Глава 28. Стена.
После нескольких часов, проведенных вне стен сектора, Стинов чувствовал не просто физическую усталость, а какую-то непреодолимую, звенящую пустоту в душе.
Должно быть, нечто подобное ощущал каждый, кто принимал участие в рейде к машинному залу, потому что ни у кого не возникало желания не то, чтобы обсудить результаты, а даже просто поговорить.

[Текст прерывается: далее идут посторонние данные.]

(* Let $k\ge1$ and consider the exponential mixture density on $(0,\infty)$ $$f(x\mid\lambda,\boldsymbol\gamma,\mathbf p)=\sum_{i=1}^k\frac{p_i}{\lambda_i}e^{-x/\lambda_i},\qquad\lambda_i=\frac{\lambda\gamma_i}{p_i},$$ where $\lambda>0$, $p_i>0$ with $\sum_ip_i=1$, and $\gamma_i>0$ with $\sum_i\gamma_i=1$ (so that $\lambda$ is the mean of the mixture). Put the prior $\lambda^{-1}\,\mathrm d\lambda\times\pi_0(\mathrm d(\boldsymbol\gamma,\mathbf p))$ where $\pi_0$ is any proper probability distribution on $(\boldsymbol\gamma,\mathbf p)$. Then for any sample $x_1,\dots,x_n>0$ with $n\ge1$, the posterior distribution is proper, i.e. $0<\int\prod_{j=1}^n f(x_j\mid\lambda,\boldsymbol\gamma,\mathbf p)\,\lambda^{-1}\mathrm d\lambda\,\pi_0(\mathrm d(\boldsymbol\gamma,\mathbf p))<\infty$.
   Context: A posterior is proper when likelihood times prior has finite positive total integral over the parameter space. *)

theory Defs
  imports "HOL-Probability.Probability"
begin

definition comp_scale :: "real \<Rightarrow> real^'k \<Rightarrow> real^'k \<Rightarrow> 'k \<Rightarrow> real" where
  "comp_scale l g p i = l * g$i / p$i"

definition mix_density :: "real \<Rightarrow> real^'k \<Rightarrow> real^'k \<Rightarrow> real \<Rightarrow> real" where
  "mix_density l g p x =
     (\<Sum>i\<in>UNIV. p$i / comp_scale l g p i * exp (- x / comp_scale l g p i))"

definition prob_simplex :: "(real^'k) set" where
  "prob_simplex = {v. (\<forall>i. v$i > 0) \<and> (\<Sum>i\<in>UNIV. v$i) = 1}"

end

theory Submission
  imports Defs
begin

text \<open>
  Expanding the product of the n mixture densities gives a sum over all assignments s of
  observations to components. Put sigma_s = \<Sum>_j x_j p_(s j) / \<gamma>_(s j). Since p_i \<le> 1 and
  each summand of sigma_s is at most sigma_s, every term of the expansion, divided by \<lambda>, is
  bounded by (sigma_s/\<lambda>)^n exp(-sigma_s/\<lambda>) / (\<lambda> \<Prod>_j x_j). This inverse-gamma kernel has an
  integral over \<lambda> that does not depend on sigma_s and is finite for n \<ge> 1, so the bound is
  uniform in (\<gamma>, p) and survives integration against the probability measure \<pi>0.
  Positivity holds because the integrand is positive for every \<lambda> > 0.
\<close>

lemma power_div_fact_le_exp:
  fixes y :: real
  assumes "y \<ge> 0"
  shows "y ^ m / fact m \<le> exp y"
proof -
  have exp_split: "exp y = (\<Sum>n<Suc m. inverse (fact n) *\<^sub>R y ^ n)
      + (\<Sum>n. inverse (fact (n + Suc m)) *\<^sub>R y ^ (n + Suc m))"
    by (rule exp_first_terms)
  have "summable (\<lambda>n. inverse (fact (n + Suc m)) *\<^sub>R y ^ (n + Suc m))"
    using summable_ignore_initial_segment[OF summable_exp_generic[of y], of "Suc m"] by simp
  then have tail_nonneg: "0 \<le> (\<Sum>n. inverse (fact (n + Suc m)) *\<^sub>R y ^ (n + Suc m))"
    by (rule suminf_nonneg) (use assms in simp)
  have "y ^ m / fact m \<le> (\<Sum>n<Suc m. inverse (fact n) *\<^sub>R y ^ n)"
    using member_le_sum[of m "{..<Suc m}" "\<lambda>n. inverse (fact n) *\<^sub>R y ^ n"] assms
    by (simp add: divide_inverse mult.commute)
  then show ?thesis
    using exp_split tail_nonneg by linarith
qed

definition inv_gamma_kernel :: "nat \<Rightarrow> real \<Rightarrow> real \<Rightarrow> ennreal" where
  "inv_gamma_kernel n \<sigma> t = ennreal ((\<sigma> / t) ^ n * exp (- \<sigma> / t) / t) * indicator {0<..} t"

lemma inv_gamma_kernel_measurable [measurable]: "inv_gamma_kernel n \<sigma> \<in> borel_measurable borel"
  unfolding inv_gamma_kernel_def by measurable

lemma inv_gamma_kernel_le:
  assumes "n \<ge> 1"
  shows "inv_gamma_kernel n 1 t
    \<le> ennreal (fact (Suc n)) * indicator {0..1} t + ennreal (t powr -2) * indicator {1..} t"
proof (cases "t > 0")
  case False
  then show ?thesis by (simp add: inv_gamma_kernel_def)
next
  case t: True
  have kernel_eq: "(1 / t) ^ n * exp (- 1 / t) / t = (1 / t) ^ Suc n / exp (1 / t)"
    using t by (simp add: exp_minus field_simps)
  show ?thesis
  proof (cases "t \<le> 1")
    case True
    have "(1 / t) ^ Suc n / fact (Suc n) \<le> exp (1 / t)"
      using t by (intro power_div_fact_le_exp) simp
    then have "(1 / t) ^ Suc n / exp (1 / t) \<le> fact (Suc n)"
      by (simp only: pos_divide_le_eq[OF fact_gt_zero] pos_divide_le_eq[OF exp_gt_zero] mult.commute)
    then have "ennreal ((1 / t) ^ n * exp (- 1 / t) / t) \<le> ennreal (fact (Suc n))"
      using kernel_eq by (intro ennreal_leI) simp
    then show ?thesis
      using True t unfolding inv_gamma_kernel_def
      by (auto intro: add_increasing2 simp del: fact_Suc)
  next
    case False
    have "(1 / t) ^ Suc n \<le> (1 / t) ^ 2"
      using False assms by (intro power_decreasing) auto
    moreover have "(1 / t) ^ Suc n / exp (1 / t) \<le> (1 / t) ^ Suc n"
      using t by (simp add: divide_le_eq)
    moreover have "(1 / t) ^ 2 = t powr -2"
      using t by (simp add: powr_minus powr_realpow divide_inverse power_inverse)
    ultimately have "(1 / t) ^ n * exp (- 1 / t) / t \<le> t powr -2"
      using kernel_eq by linarith
    then show ?thesis
      using False by (simp add: inv_gamma_kernel_def)
  qed
qed

lemma nn_integral_inv_gamma_kernel_finite:
  assumes "n \<ge> 1"
  shows "(\<integral>\<^sup>+t. inv_gamma_kernel n 1 t \<partial>lborel) < \<infinity>"
proof -
  have tail: "(\<integral>\<^sup>+t. ennreal (t powr -2) * indicator {1..} t \<partial>lborel) = 1"
  proof -
    have "(\<integral>\<^sup>+t. ennreal (t powr -2) * indicator {1..} t \<partial>lborel)
        = (\<integral>\<^sup>+t. ennreal (indicator {1..} t * t powr -2) \<partial>lborel)"
      by (intro nn_integral_cong) (auto split: split_indicator)
    also have "\<dots> = ennreal (- (1 powr (-2 + 1)) / (-2 + 1))"
      by (rule nn_integral_has_integral_lebesgue[OF _ has_integral_powr_to_inf]) auto
    finally show ?thesis by simp
  qed
  have "(\<integral>\<^sup>+t. inv_gamma_kernel n 1 t \<partial>lborel)
      \<le> (\<integral>\<^sup>+t. ennreal (fact (Suc n)) * indicator {0..1} t
                + ennreal (t powr -2) * indicator {1..} t \<partial>lborel)"
    by (intro nn_integral_mono inv_gamma_kernel_le assms)
  also have "\<dots> = ennreal (fact (Suc n)) * emeasure lborel {0::real..1}
      + (\<integral>\<^sup>+t. ennreal (t powr -2) * indicator {1..} t \<partial>lborel)"
    by (simp add: nn_integral_add nn_integral_cmult_indicator)
  also have "\<dots> = ennreal (fact (Suc n) + 1)"
    by (simp add: tail ennreal_plus del: fact_Suc)
  finally show ?thesis
    by (rule le_less_trans) simp
qed

lemma nn_integral_inv_gamma_kernel_scale:
  assumes "\<sigma> > 0"
  shows "(\<integral>\<^sup>+t. inv_gamma_kernel n \<sigma> t \<partial>lborel) = (\<integral>\<^sup>+t. inv_gamma_kernel n 1 t \<partial>lborel)"
proof -
  have kernel_scale: "ennreal \<sigma> * inv_gamma_kernel n \<sigma> (\<sigma> * t) = inv_gamma_kernel n 1 t" for t
  proof (cases "t > 0")
    case True
    have "\<sigma> * ((\<sigma> / (\<sigma> * t)) ^ n * exp (- \<sigma> / (\<sigma> * t)) / (\<sigma> * t))
        = (1 / t) ^ n * exp (- 1 / t) / t"
      using assms True by (simp add: field_simps)
    then show ?thesis
      using True assms unfolding inv_gamma_kernel_def
      by (simp add: ennreal_mult[symmetric] mult.assoc[symmetric])
  next
    case False
    then have "\<not> \<sigma> * t > 0"
      using assms by (simp add: zero_less_mult_iff)
    then show ?thesis
      using False unfolding inv_gamma_kernel_def by simp
  qed
  have "(\<integral>\<^sup>+t. inv_gamma_kernel n \<sigma> t \<partial>lborel)
      = ennreal \<bar>\<sigma>\<bar> * (\<integral>\<^sup>+t. inv_gamma_kernel n \<sigma> (0 + \<sigma> * t) \<partial>lborel)"
    using assms by (intro nn_integral_real_affine) auto
  also have "\<dots> = (\<integral>\<^sup>+t. ennreal \<sigma> * inv_gamma_kernel n \<sigma> (\<sigma> * t) \<partial>lborel)"
    using assms by (subst nn_integral_cmult) auto
  finally show ?thesis
    by (simp add: kernel_scale)
qed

О чем было говорит, если все усилия оказались напрасными, а жертвы — бессмысленными. Им казалось, что своими действиями они отняли у людей последнюю надежду. А то, что надежда эта изначально была несбыточной, сейчас уже не имело никакого значения. Не так уж привлекательна реальность, когда, падая, разбиваешь нос об асфальт.
Пятеро мужчин долго и тщательно мылись в душе, подставляю под жесткие струи воспаленную кожу. Затем не спеша пообедали. Конечно, нельзя сказать, что за все это время они не обмолвились ни единым словом, но все произносимые фразы были строго функциональными и однозначными, касавшимися непосредственно того, что происходило в данную минуту.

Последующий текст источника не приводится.